How to Spot a Bad Influence

Life can be dull or exciting, and who doesn’t want excitement in their lives? Roller coasters give us those feelings of thrills and excitement, because they move rapidly and seem to defy the laws of gravity at different points along the ride. We trust that those rides are safe, and they usually are, but every once in a while there is an accident that shows not everything can be controlled, no matter how careful people are. Exciting experiences come up against what we perceive as impossible to achieve or forbidden for reasons we may or may not know. That sense of excitement and thrill has a flip side of danger that people don’t always consider.

There are people we meet who excite us, who make us feel alive. We want more of them and what they bring to our lives. When we choose our friends, we see ourselves in them, caring and concern for us and our well-being, wanting the most for us. They give us certain types of love that we can’t find elsewhere and make us feel like we “fit in.” We have our “heroes,” either mythical characters like Batman or Superman, or people who have achieved recognition through sports, music, movies, or other occupations that the media covers unrelentingly.

Everyone wants to be important, to be recognized as unique, to have fame in the eyes of others. That is normal. We see that fame, but we don’t always see the dangerous or back side of it: loss of freedoms and safety, lack of privacy and personal identity, constantly having to be “on” in front of others and performing a role for which they have gained fame and fortune. They have gone beyond the limits, to some extent, and we want to experience the limitlessness for ourselves. Those experiences can be exhausting and depressing, but we never see that side of it.

Adolescents want to fit in, be like others, yet at the same time stand out and be important. That is the same as everyone else. But sometimes we look around and see that others have “more” than we do – more friends, more fun, more excitement, more freedom, more experiences. We envy them and want to be like them. But what is the cost?
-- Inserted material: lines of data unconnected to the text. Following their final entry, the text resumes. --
(* Let $\mathbf{A}\in\mathsf{K}$ be such that the lowest fibre $\mathbf{A}_0$ of the Płonka sum representation of its $\{\wedge,\vee,\neg,0,1\}$-reduct is a two-element Boolean algebra. If the fibres $\mathbf{A}_i$ and $\mathbf{A}_j$ are non-trivial, then the fibre $\mathbf{A}_{i\vee j}$ is non-trivial.
   Context: $\mathsf{K}$ is the variety of type $\langle\wedge,\vee,\neg,J_2,0,1\rangle$ axiomatised by: - $x\vee x\approx x$; - $x\vee y\approx y\vee x$; - $x\vee(y\vee z)\approx(x\vee y)\vee z$; - $\neg\neg x\approx x$; - $x\wedge y\approx\neg(\neg x\vee\neg y)$; - $x\wedge(\neg x\vee y)\approx x\wedge y$; - $0\vee x\approx x$; - $1\approx\neg0$; - $J_2x\vee\neg J_2x\approx1$; - $x\vee J_2y\approx x\vee J_2(x\vee y)$; - $x\wedge J_2x\approx x$; - $J_2(x\wedge\neg x)\approx0$. The $\{\wedge,\vee,\neg,0,1\}$-reduct of any member of $\mathsf{K}$ is an involutive bisemilattice. Hence it is canonically a Płonka sum of Boolean algebras $\mathbf{A}_i$ (fibres) over a join-semilattice $\langle I,\vee,0\rangle$ with least element $0$, with homomorphisms $p_{ij}$ for $i\le j$. Operations are computed in the fibre indexed by the join of the arguments' indices, after mapping them there via the $p_{ij}$. Two elements $a,b$ lie in the same fibre iff $a\wedge(a\vee b)=a$ and $b\wedge(b\vee a)=b$. A fibre is trivial if it has one element. *)

theory Defs
  imports Main
begin

definition K_algebra ::
  "('a \<Rightarrow> 'a \<Rightarrow> 'a) \<Rightarrow> ('a \<Rightarrow> 'a \<Rightarrow> 'a) \<Rightarrow> ('a \<Rightarrow> 'a) \<Rightarrow> ('a \<Rightarrow> 'a) \<Rightarrow> 'a \<Rightarrow> 'a \<Rightarrow> bool" where
  "K_algebra meet join neg J2 zero one \<longleftrightarrow>
     (\<forall>x. join x x = x) \<and>
     (\<forall>x y. join x y = join y x) \<and>
     (\<forall>x y z. join x (join y z) = join (join x y) z) \<and>
     (\<forall>x. neg (neg x) = x) \<and>
     (\<forall>x y. meet x y = neg (join (neg x) (neg y))) \<and>
     (\<forall>x y. meet x (join (neg x) y) = meet x y) \<and>
     (\<forall>x. join zero x = x) \<and>
     one = neg zero \<and>
     (\<forall>x. join (J2 x) (neg (J2 x)) = one) \<and>
     (\<forall>x y. join x (J2 y) = join x (J2 (join x y))) \<and>
     (\<forall>x. meet x (J2 x) = x) \<and>
     (\<forall>x. J2 (meet x (neg x)) = zero)"

text \<open>Two elements lie in the same fibre of the Plonka sum decomposition of the
  involutive-bisemilattice reduct.\<close>

definition same_fibre :: "('a \<Rightarrow> 'a \<Rightarrow> 'a) \<Rightarrow> ('a \<Rightarrow> 'a \<Rightarrow> 'a) \<Rightarrow> 'a \<Rightarrow> 'a \<Rightarrow> bool" where
  "same_fibre meet join a b \<longleftrightarrow> meet a (join a b) = a \<and> meet b (join b a) = b"

definition fibre :: "('a \<Rightarrow> 'a \<Rightarrow> 'a) \<Rightarrow> ('a \<Rightarrow> 'a \<Rightarrow> 'a) \<Rightarrow> 'a \<Rightarrow> 'a set" where
  "fibre meet join a = {b. same_fibre meet join a b}"

definition nontrivial :: "'a set \<Rightarrow> bool" where
  "nontrivial F \<longleftrightarrow> (\<exists>x\<in>F. \<exists>y\<in>F. x \<noteq> y)"

end

theory Submission
  imports Defs
begin

text \<open>The fibre of x has bottom x \<and> \<not>x and top x \<or> \<not>x, and it is trivial exactly when
  these coincide. Since J2 takes values in the fibre of 0, here {0, 1}, and x \<or> \<not>x \<le> J2 (x \<or> \<not>x),
  J2 sends the top of every non-trivial fibre to 1. If the fibre of a \<or> b were trivial, J2 would
  send its top to 0; but (a \<and> \<not>a) \<or> J2 (b \<or> \<not>b) = (a \<and> \<not>a) \<or> J2 ((a \<and> \<not>a) \<or> b \<or> \<not>b), and
  (a \<and> \<not>a) \<or> b \<or> \<not>b is the top of the fibre of a \<or> b, so (a \<and> \<not>a) \<or> 1 = a \<and> \<not>a, i.e. the
  top and bottom of the fibre of a coincide.\<close>

locale involutive_bisemilattice =
  fixes meet join :: "'a \<Rightarrow> 'a \<Rightarrow> 'a" and neg :: "'a \<Rightarrow> 'a" and zero one :: 'a
  assumes join_idem: "join x x = x"
    and join_commute: "join x y = join y x"
    and join_assoc: "join x (join y z) = join (join x y) z"
    and neg_neg: "neg (neg x) = x"
    and meet_eq: "meet x y = neg (join (neg x) (neg y))"
    and meet_join_neg: "meet x (join (neg x) y) = meet x y"
    and zero_join: "join zero x = x"
    and one_eq: "one = neg zero"
begin

abbreviation bot_of :: "'a \<Rightarrow> 'a" where "bot_of x \<equiv> meet x (neg x)"
abbreviation top_of :: "'a \<Rightarrow> 'a" where "top_of x \<equiv> join x (neg x)"

lemma join_meet_neg: "join x (meet (neg x) y) = join x y"
  by (metis meet_join_neg meet_eq neg_neg)

lemma bot_of_in_fibre: "bot_of a \<in> fibre meet join a"
proof -
  have "meet a (join a (bot_of a)) = a"
    by (metis meet_join_neg join_commute join_idem meet_eq neg_neg)
  moreover have "meet (bot_of a) (join (bot_of a) a) = bot_of a"
    by (metis meet_join_neg join_commute meet_eq neg_neg)
  ultimately show ?thesis
    unfolding fibre_def same_fibre_def by simp
qed

lemma top_of_in_fibre: "top_of a \<in> fibre meet join a"
proof -
  have "meet a (join a (top_of a)) = a"
    by (metis meet_join_neg join_commute join_idem meet_eq neg_neg)
  moreover have "meet (top_of a) (join (top_of a) a) = top_of a"
    by (simp add: join_assoc join_commute join_idem meet_eq neg_neg)
  ultimately show ?thesis
    unfolding fibre_def same_fibre_def by simp
qed

lemma fibre_eq_bot_of_if_bot_eq_top:
  assumes "bot_of a = top_of a" and "c \<in> fibre meet join a"
  shows "c = bot_of a"
proof -
  have "meet c (join c a) = c" and "meet a (join a c) = a"
    using assms(2) unfolding fibre_def same_fibre_def by auto
  with assms(1) show ?thesis
    by (metis meet_join_neg join_commute meet_eq neg_neg)
qed

lemma nontrivial_fibre_iff: "nontrivial (fibre meet join a) \<longleftrightarrow> bot_of a \<noteq> top_of a"
  unfolding nontrivial_def
  using bot_of_in_fibre top_of_in_fibre fibre_eq_bot_of_if_bot_eq_top by metis

lemma meet_zero: "meet x zero = bot_of x"
  by (metis meet_join_neg join_commute zero_join)

lemma bot_of_zero: "bot_of zero = zero"
  using meet_zero[of zero] by (simp add: meet_eq join_idem neg_neg)

lemma top_of_zero: "top_of zero = one"
  by (simp add: zero_join one_eq)

lemma bot_of_top_of: "bot_of (top_of x) = bot_of x"
  by (metis meet_join_neg join_commute meet_eq neg_neg)

lemma join_bot_of_one: "join (bot_of x) one = top_of x"
  by (metis join_commute neg_neg meet_join_neg meet_eq zero_join one_eq)

lemma join_bot_of_top_of: "join (bot_of a) (top_of b) = top_of (join a b)"
  by (metis join_meet_neg join_assoc join_commute meet_eq one_eq zero_join)

lemma fibre_zero_eq_if_card_2:
  assumes "card (fibre meet join zero) = 2"
  shows "fibre meet join zero = {zero, one}"
proof -
  have "nontrivial (fibre meet join zero)"
    using assms unfolding nontrivial_def card_2_iff by blast
  then have "zero \<noteq> one"
    using nontrivial_fibre_iff bot_of_zero top_of_zero by simp
  moreover have "{zero, one} \<subseteq> fibre meet join zero"
    using bot_of_in_fibre[of zero] top_of_in_fibre[of zero] bot_of_zero top_of_zero by simp
  moreover have "finite (fibre meet join zero)"
    using assms card.infinite by fastforce
  ultimately show ?thesis
    using assms by (metis card_2_iff card_subset_eq)
qed

end

locale K_alg = involutive_bisemilattice +
  fixes J2 :: "'a \<Rightarrow> 'a"
  assumes join_J2_neg: "join (J2 x) (neg (J2 x)) = one"
    and join_J2: "join x (J2 y) = join x (J2 (join x y))"
    and meet_J2: "meet x (J2 x) = x"
    and J2_bot_of: "J2 (meet x (neg x)) = zero"
begin

lemma J2_in_fibre_zero: "J2 x \<in> fibre meet join zero"
proof -
  have "meet zero (J2 x) = zero"
    by (metis join_meet_neg join_J2_neg join_commute meet_eq neg_neg one_eq)
  moreover have "meet (J2 x) (J2 x) = J2 x"
    by (metis meet_eq join_idem neg_neg)
  ultimately show ?thesis
    unfolding fibre_def same_fibre_def by (simp add: zero_join join_commute)
qed

lemma J2_top_of_if_nontrivial:
  assumes "fibre meet join zero = {zero, one}" and "nontrivial (fibre meet join a)"
  shows "J2 (top_of a) = one"
proof -
  have "J2 (top_of a) \<noteq> zero"
  proof
    assume "J2 (top_of a) = zero"
    then have "top_of a = bot_of a"
      using meet_J2[of "top_of a"] meet_zero bot_of_top_of by simp
    with assms(2) show False
      using nontrivial_fibre_iff by simp
  qed
  then show ?thesis
    using J2_in_fibre_zero assms(1) by blast
qed

lemma nontrivial_fibre_join:
  assumes "fibre meet join zero = {zero, one}"
    and "nontrivial (fibre meet join a)" and "nontrivial (fibre meet join b)"
  shows "nontrivial (fibre meet join (join a b))"
proof (rule ccontr)
  assume "\<not> nontrivial (fibre meet join (join a b))"
  then have "J2 (top_of (join a b)) = zero"
    using nontrivial_fibre_iff J2_bot_of by metis
  then have "join (bot_of a) (J2 (top_of b)) = bot_of a"
    using join_J2[of "bot_of a" "top_of b"] join_bot_of_top_of by (simp add: join_commute zero_join)
  then have "top_of a = bot_of a"
    using J2_top_of_if_nontrivial[OF assms(1,3)] join_bot_of_one by simp
  with assms(2) show False
    using nontrivial_fibre_iff by simp
qed

end

theorem lemma4p4:
  fixes meet join :: "'a \<Rightarrow> 'a \<Rightarrow> 'a" and neg J2 :: "'a \<Rightarrow> 'a" and zero one :: 'a
    and a b :: 'a
  assumes "K_algebra meet join neg J2 zero one"
    and "card (fibre meet join zero) = 2"
    and "nontrivial (fibre meet join a)"
    and "nontrivial (fibre meet join b)"
  shows "nontrivial (fibre meet join (join a b))"
proof -
  interpret K_alg meet join neg zero one J2
    using assms(1) unfolding K_algebra_def by unfold_locales blast+
  show ?thesis
    using nontrivial_fibre_join fibre_zero_eq_if_card_2 assms(2-4) by blast
qed

end
(* Let $E$ be a Banach lattice, $F\subseteq E$ a norm-closed, order dense ideal of $E$, and $T\in Z(E)$. Let $T_F$ denote the restriction of $T$ to $F$ (an operator on $F$). Then $\|T_F\|=\|T\|$.
   Context: $Z(E)=\{T\in\mathcal L(E):|T|\le\lambda I\text{ for some }\lambda\}$ is the center of $E$; elements of $Z(E)$ are band preserving, so $T$ maps $F$ into $F$. *)

theory Defs
  imports "HOL-Analysis.Analysis"
begin

class banach_lattice = banach + lattice +
  assumes add_left_mono_bl: "x \<le> y \<Longrightarrow> x + z \<le> y + z"
  and scale_nonneg_mono_bl: "0 \<le> x \<Longrightarrow> 0 \<le> c \<Longrightarrow> 0 \<le> c *\<^sub>R x"
  and lattice_norm: "sup x (- x) \<le> sup y (- y) \<Longrightarrow> norm x \<le> norm y"

definition lat_abs :: "'a::banach_lattice \<Rightarrow> 'a" where
  "lat_abs x = sup x (- x)"

definition lattice_ideal :: "'a::banach_lattice set \<Rightarrow> bool" where
  "lattice_ideal F \<longleftrightarrow> 0 \<in> F \<and> (\<forall>x\<in>F. \<forall>y\<in>F. x + y \<in> F)
     \<and> (\<forall>c. \<forall>x\<in>F. c *\<^sub>R x \<in> F)
     \<and> (\<forall>x\<in>F. \<forall>y. lat_abs y \<le> lat_abs x \<longrightarrow> y \<in> F)"

definition order_dense :: "'a::banach_lattice set \<Rightarrow> bool" where
  "order_dense F \<longleftrightarrow> (\<forall>x. 0 < x \<longrightarrow> (\<exists>y\<in>F. 0 < y \<and> y \<le> x))"
(* Let $n,d\in\mathbb N$, $\tau\in(0,n]$, $\sigma>0$, and let $v:\mathbb R^n\to\mathbb R^d$ be continuous. Suppose that for every $E\subset\mathbb R^n$ with $\mathcal H^\tau(E)=0$ and every $\varepsilon>0$ there exists a family of compact sets $\{D_i\}_{i\in\mathbb N}$ with $E\subset\bigcup_iD_i$, $\sum_i[\operatorname{diam}D_i]^\tau<\varepsilon$ and $\sum_i[\operatorname{diam}v(D_i)]^\sigma<\varepsilon$. Then $v$ has the $(\tau,\sigma)$-$N_*$-property: for every $q\in[0,\sigma]$ and every $E\subset\mathbb R^n$ with $\mathcal H^\tau(E)=0$, $$\mathcal H^{\tau(1-\frac q\sigma)}(E\cap v^{-1}(y))=0\quad\text{for }\mathcal H^q\text{-almost all }y\in\mathbb R^d.$$
   Context: $\mathcal H^s$ denotes the $s$-dimensional Hausdorff measure; $\mathcal H^0$ is the counting measure. *)

theory Defs
  imports "HOL-Analysis.Analysis"
begin

text \<open>Contribution of one covering set to the s-dimensional Hausdorff content:
  (diam C)^s, with the conventions that the empty set contributes 0 and that
  (diam C)^0 = 1 for nonempty C (so that H^0 is the counting measure).
  The normalising constant is omitted: it does not affect null sets.\<close>
definition hcontent :: "real \<Rightarrow> 'a::metric_space set \<Rightarrow> ennreal" where
  "hcontent s C = (if C = {} then 0 else if s = 0 then 1 else ennreal (diameter C powr s))"

definition hausdorff_pre :: "real \<Rightarrow> real \<Rightarrow> 'a::metric_space set \<Rightarrow> ennreal" where
  "hausdorff_pre s \<delta> E =
     (INF C \<in> {C :: nat \<Rightarrow> 'a set. (\<forall>i. bounded (C i) \<and> diameter (C i) < \<delta>) \<and> E \<subseteq> (\<Union>i. C i)}.
        (\<Sum>i. hcontent s (C i)))"

definition hausdorff :: "real \<Rightarrow> 'a::metric_space set \<Rightarrow> ennreal" where
  "hausdorff s E = (SUP \<delta> \<in> {0<..}. hausdorff_pre s \<delta> E)"

definition N_star_property :: "real \<Rightarrow> real \<Rightarrow> ('a::metric_space \<Rightarrow> 'b::metric_space) \<Rightarrow> bool" where
  "N_star_property \<tau> \<sigma> v \<longleftrightarrow>
     (\<forall>q \<in> {0..\<sigma>}. \<forall>E. hausdorff \<tau> E = 0 \<longrightarrow>
        hausdorff q {y. hausdorff (\<tau> * (1 - q / \<sigma>)) (E \<inter> v -` {y}) \<noteq> 0} = 0)"

end

(*
  Only 0 < q < sigma needs an argument: for q = 0 the fibres lie in the H^tau-null set E, and
  for q = sigma every y with a nonempty fibre lies in the H^sigma-null image v(E).

  Put s = tau (1 - q/sigma) and take a cover D_i of E with sum diam(D_i)^tau and
  sum diam(v(D_i))^sigma below eps. The fibre over y is covered by the D_i with y in v(D_i), so
  H^s_1(E cap v^-1(y)) > t forces sum_{y in v(D_i)} diam(D_i)^s > t. Spreading the weight
  diam(D_i)^s / t over the dyadic cells of side about diam(v(D_i)) next to v(D_i), every such y
  lies on a dyadic path of total weight > 1. A stopping-time selection in the dyadic tree covers
  these points by cells whose total q-content is bounded by the weighted q-content of all cells,
  and Young's inequality diam(D_i)^s r^q <= diam(D_i)^tau + r^sigma makes that O(eps).
*)
theory Submission
  imports Defs
begin

section \<open>Nonnegative sums and elementary inequalities\<close>

text \<open>The library fact \<open>summable_on_ennreal\<close> only covers functions that factor through \<open>enat\<close>.\<close>
lemma summable_on_ennreal_fun [simp]: "(f :: 'a \<Rightarrow> ennreal) summable_on A"
  by (simp add: nonneg_summable_on_complete)

lemma suminf_eq_infsum_ennreal: "(\<Sum>n. f n) = infsum (f :: nat \<Rightarrow> ennreal) UNIV"
proof -
  have "(f has_sum infsum f UNIV) UNIV" by (rule has_sum_infsum) simp
  then show ?thesis by (rule sums_unique[OF has_sum_imp_sums, symmetric])
qed

lemma infsum_mono_set_ennreal: "A \<subseteq> B \<Longrightarrow> infsum (f :: 'a \<Rightarrow> ennreal) A \<le> infsum f B"
  by (rule infsum_mono_neutral) auto

lemma sum_le_infsum_ennreal: "finite J \<Longrightarrow> J \<subseteq> A \<Longrightarrow> sum (f :: 'a \<Rightarrow> ennreal) J \<le> infsum f A"
  using infsum_mono_set_ennreal[of J A f] by (simp add: infsum_finite)

lemma infsum_cmult_right_ennreal:
  assumes "c \<noteq> (\<infinity> :: ennreal)"
  shows "infsum (\<lambda>x. f x * c) A = infsum f A * c"
proof (cases "c = 0")
  case False
  have "(sum f \<longlongrightarrow> infsum f A) (finite_subsets_at_top A)"
    using has_sum_infsum[of f A] by (simp add: has_sum_def)
  then have "((\<lambda>F. sum f F * c) \<longlongrightarrow> infsum f A * c) (finite_subsets_at_top A)"
    by (rule tendsto_mult_ennreal[OF _ tendsto_const]) (use assms False in auto)
  then have "((\<lambda>x. f x * c) has_sum (infsum f A * c)) A"
    by (simp add: has_sum_def sum_distrib_right)
  then show ?thesis by (rule infsumI)
qed simp

lemma infsum_cmult_left_ennreal:
  "c \<noteq> (\<infinity> :: ennreal) \<Longrightarrow> infsum (\<lambda>x. c * f x) A = c * infsum f A"
  using infsum_cmult_right_ennreal[of c f A] by (simp add: mult.commute)

lemma infsum_sum_ennreal:
  "finite I \<Longrightarrow> infsum (\<lambda>x. \<Sum>i\<in>I. (f i x :: ennreal)) A = (\<Sum>i\<in>I. infsum (f i) A)"
  by (induction I rule: finite_induct) (simp_all add: infsum_add)

lemma infsum_multiplicity_le:
  fixes \<alpha> h :: "'i \<Rightarrow> ennreal" and N :: "'i \<Rightarrow> 'r set" and g :: "'r \<Rightarrow> ennreal"
  assumes "\<And>i. finite (N i)" "\<And>i. card (N i) \<le> M"
    and "\<And>i R. R \<in> N i \<Longrightarrow> g R = h i" "\<And>R. g R \<noteq> \<infinity>"
  shows "infsum (\<lambda>R. infsum \<alpha> {i. R \<in> N i} * g R) UNIV \<le> of_nat M * infsum (\<lambda>i. \<alpha> i * h i) UNIV"
proof (rule infsum_le_finite_sums)
  fix F :: "'r set" assume "finite F"
  have split: "infsum \<alpha> {i. R \<in> N i} * g R = infsum (\<lambda>i. if R \<in> N i then \<alpha> i * g R else 0) UNIV" for R
  proof -
    have "infsum \<alpha> {i. R \<in> N i} * g R = infsum (\<lambda>i. \<alpha> i * g R) {i. R \<in> N i}"
      using assms(4) by (simp add: infsum_cmult_right_ennreal)
    also have "\<dots> = infsum (\<lambda>i. if R \<in> N i then \<alpha> i * g R else 0) UNIV"
      by (rule infsum_cong_neutral) auto
    finally show ?thesis .
  qed
  have "(\<Sum>R\<in>F. infsum \<alpha> {i. R \<in> N i} * g R) =
      (\<Sum>R\<in>F. infsum (\<lambda>i. if R \<in> N i then \<alpha> i * g R else 0) UNIV)"
    by (simp only: split)
  also have "\<dots> = infsum (\<lambda>i. \<Sum>R\<in>F. if R \<in> N i then \<alpha> i * g R else 0) UNIV"
    by (rule infsum_sum_ennreal[OF \<open>finite F\<close>, symmetric])
  also have "\<dots> \<le> infsum (\<lambda>i. of_nat M * (\<alpha> i * h i)) UNIV"
  proof (rule infsum_mono)
    fix i
    have "(\<Sum>R\<in>F. if R \<in> N i then \<alpha> i * g R else 0) = (\<Sum>R\<in>F \<inter> N i. \<alpha> i * g R)"
      using \<open>finite F\<close> by (simp add: sum.inter_restrict)
    also have "\<dots> = (\<Sum>R\<in>F \<inter> N i. \<alpha> i * h i)"
      using assms(3) by (intro sum.cong) auto
    also have "\<dots> = of_nat (card (F \<inter> N i)) * (\<alpha> i * h i)"
      by simp
    also have "\<dots> \<le> of_nat M * (\<alpha> i * h i)"
      using assms(1,2) card_mono[OF assms(1), of "F \<inter> N i"]
      by (intro mult_right_mono) (auto intro: order_trans)
    finally show "(\<Sum>R\<in>F. if R \<in> N i then \<alpha> i * g R else 0) \<le> of_nat M * (\<alpha> i * h i)" .
  qed simp_all
  also have "\<dots> = of_nat M * infsum (\<lambda>i. \<alpha> i * h i) UNIV"
    by (rule infsum_cmult_left_ennreal) simp
  finally show "(\<Sum>R\<in>F. infsum \<alpha> {i. R \<in> N i} * g R) \<le> of_nat M * infsum (\<lambda>i. \<alpha> i * h i) UNIV" .
qed simp

lemma sums_halves: "(\<lambda>i. x / 2 ^ Suc i) sums (x :: real)"
proof -
  have "(\<lambda>i. x / 2 * (1/2) ^ i) sums (x / 2 * (1 / (1 - 1/2)))"
    by (intro sums_mult geometric_sums) auto
  then show ?thesis by (simp add: field_simps)
qed

lemma suminf_ennreal_halves:
  assumes "0 \<le> x"
  shows "(\<Sum>i. ennreal (x / 2 ^ Suc i)) = ennreal x"
proof -
  have "(\<Sum>i. ennreal (x / 2 ^ Suc i)) = ennreal (\<Sum>i. x / 2 ^ Suc i)"
    by (rule suminf_ennreal2) (use assms sums_summable[OF sums_halves] in auto)
  then show ?thesis
    by (simp only: sums_unique[OF sums_halves, symmetric])
qed

lemma ennreal_inverse_Suc_less: "0 < (x :: ennreal) \<Longrightarrow> \<exists>k. ennreal (1 / real (Suc k)) < x"
proof (cases x)
  case (real r)
  moreover assume "0 < x"
  ultimately have "0 < r" by simp
  then obtain k where "inverse (real (Suc k)) < r" using reals_Archimedean by blast
  then show ?thesis using real by (intro exI[of _ k]) (simp add: ennreal_less_iff divide_inverse)
qed (auto intro: exI[of _ 0])

lemma powr_less_cancel_nonneg:
  fixes x y s :: real
  assumes "0 \<le> x" "0 \<le> y" "0 < s" "x powr s < y powr s"
  shows "x < y"
  using assms powr_mono2[of s y x] by (meson less_imp_le not_le)

lemma powr_interpolation_le:
  fixes a b \<tau> \<sigma> q :: real
  assumes "0 \<le> a" "0 \<le> b" "0 < \<sigma>" "0 \<le> q" "q \<le> \<sigma>"
  shows "a powr (\<tau> * (1 - q / \<sigma>)) * b powr q \<le> a powr \<tau> + b powr \<sigma>"
proof (cases "a = 0 \<or> b = 0")
  case False
  define \<theta> where "\<theta> = q / \<sigma>"
  have \<theta>: "0 \<le> \<theta>" "\<theta> \<le> 1" using assms by (auto simp: \<theta>_def)
  have "a powr (\<tau> * (1 - \<theta>)) * b powr q = (a powr \<tau>) powr (1 - \<theta>) * (b powr \<sigma>) powr \<theta>"
    using assms by (simp add: powr_powr \<theta>_def mult.commute)
  also have "\<dots> \<le> (1 - \<theta>) * a powr \<tau> + \<theta> * b powr \<sigma>"
    using False assms \<theta> by (intro Youngs_inequality_0) auto
  also have "\<dots> \<le> a powr \<tau> + b powr \<sigma>"
    using \<theta> by (intro add_mono mult_left_le_one_le) auto
  finally show ?thesis by (simp add: \<theta>_def)
qed (use assms in auto)

lemma mult_le_of_split:
  fixes x t m c S S' :: real
  assumes "0 \<le> m" "m < t" "0 \<le> x" "x * (t - m) \<le> S'" "m * c + S' \<le> S" "S \<le> c * t" "0 \<le> c"
  shows "x * t \<le> S"
proof -
  have "x * t * (t - m) = t * (x * (t - m))" by (simp add: algebra_simps)
  also have "\<dots> \<le> t * (S - m * c)" using assms by (intro mult_left_mono) auto
  also have "\<dots> \<le> S * (t - m)"
  proof -
    have "m * S \<le> m * (c * t)" using assms by (intro mult_left_mono) auto
    then show ?thesis by (simp add: algebra_simps)
  qed
  finally show ?thesis using assms by (simp add: mult_le_cancel_right)
qed

lemma ennreal_mult_le_of_split:
  fixes x t m c S S' :: ennreal
  assumes "m < t" "t \<le> 1" "x * (t - m) \<le> S'" "m * c + S' \<le> S" "S < c * t" "c \<noteq> \<infinity>"
  shows "x * t \<le> S"
proof -
  have "t \<noteq> \<infinity>" "m \<noteq> \<infinity>" "S \<noteq> \<infinity>"
    using assms(1,2,5) by (auto simp: top_unique)
  moreover have "S' \<noteq> \<infinity>"
    using assms(4) \<open>S \<noteq> \<infinity>\<close> by (auto simp: top_unique)
  ultimately obtain t' m' c' S0 S0' where
    nonneg: "0 \<le> t'" "0 \<le> m'" "0 \<le> c'" "0 \<le> S0" "0 \<le> S0'" and
    eq: "t = ennreal t'" "m = ennreal m'" "c = ennreal c'" "S = ennreal S0" "S' = ennreal S0'"
    using assms(6) by (metis ennreal_cases infinity_ennreal_def)
  have "m' < t'" using assms(1) eq nonneg by (simp add: ennreal_less_iff)
  then have diff: "t - m = ennreal (t' - m')" using eq nonneg by (simp add: ennreal_minus)
  show ?thesis
  proof (cases "x = \<infinity>")
    case True
    then have "x * (t - m) = \<infinity>" using \<open>m' < t'\<close> diff by (simp add: ennreal_mult_top)
    then show ?thesis using assms(3) \<open>S' \<noteq> \<infinity>\<close> by (simp add: top_unique)
  next
    case False
    then obtain x' where x': "0 \<le> x'" "x = ennreal x'" by (cases x) auto
    have "x' * (t' - m') \<le> S0'" using assms(3) x' diff eq nonneg \<open>m' < t'\<close>
      by (simp add: ennreal_mult[symmetric] ennreal_le_iff)
    moreover have "m' * c' + S0' \<le> S0" using assms(4) eq nonneg
      by (simp add: ennreal_mult[symmetric] ennreal_plus[symmetric] del: ennreal_plus)
    moreover have "S0 \<le> c' * t'" using assms(5) eq nonneg
      by (simp add: ennreal_mult[symmetric] ennreal_less_iff)
    ultimately have "x' * t' \<le> S0"
      using mult_le_of_split nonneg \<open>m' < t'\<close> x'(1) by blast
    then show ?thesis using x' eq nonneg by (simp add: ennreal_mult[symmetric])
  qed
qed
Trouble Often Starts Out As Fun

Some teens have no curfews, have parents who don’t monitor everything they do or where they go, have exciting and thrilling experiences defying rules and regulations of school and community. Their activities may be “forbidden”: experimenting with drugs and/or alcohol, having sexual relationships, stealing and/or bullying others, having friends who go places far away without their parents. They challenge authority figures at home (parents), school (teachers and administrators), and in the community (police), yet they rarely pay any consequences for their activities. They get their thrills and excitement by challenging rules and laws and avoiding consequences. Their lives seem to have the fun that others’ lives lack.

But is it fun? Their relationships with parents are argumentative and combative. Their school performance is usually poor and they drop out of school early, drifting for many years. Eventually, they get caught somewhere or somehow doing something illegal and have no way of avoiding it. Police, employers, relatives or friends show them and everyone else what they are like. They then must face consequences of being homeless, being poor, being rejected by family members and those they once thought were friends, or even spending time in jail.

Everyone wants to have fun, but we need to learn to discriminate between good, clean fun and dangerous, exciting fun. We need to decide who and what we will be like. When you choose friends who often have trouble, you are saying you want the same trouble. Is that worth losing other relationships for? Only you can make that decision. (Jennifer Little, Ph.D.)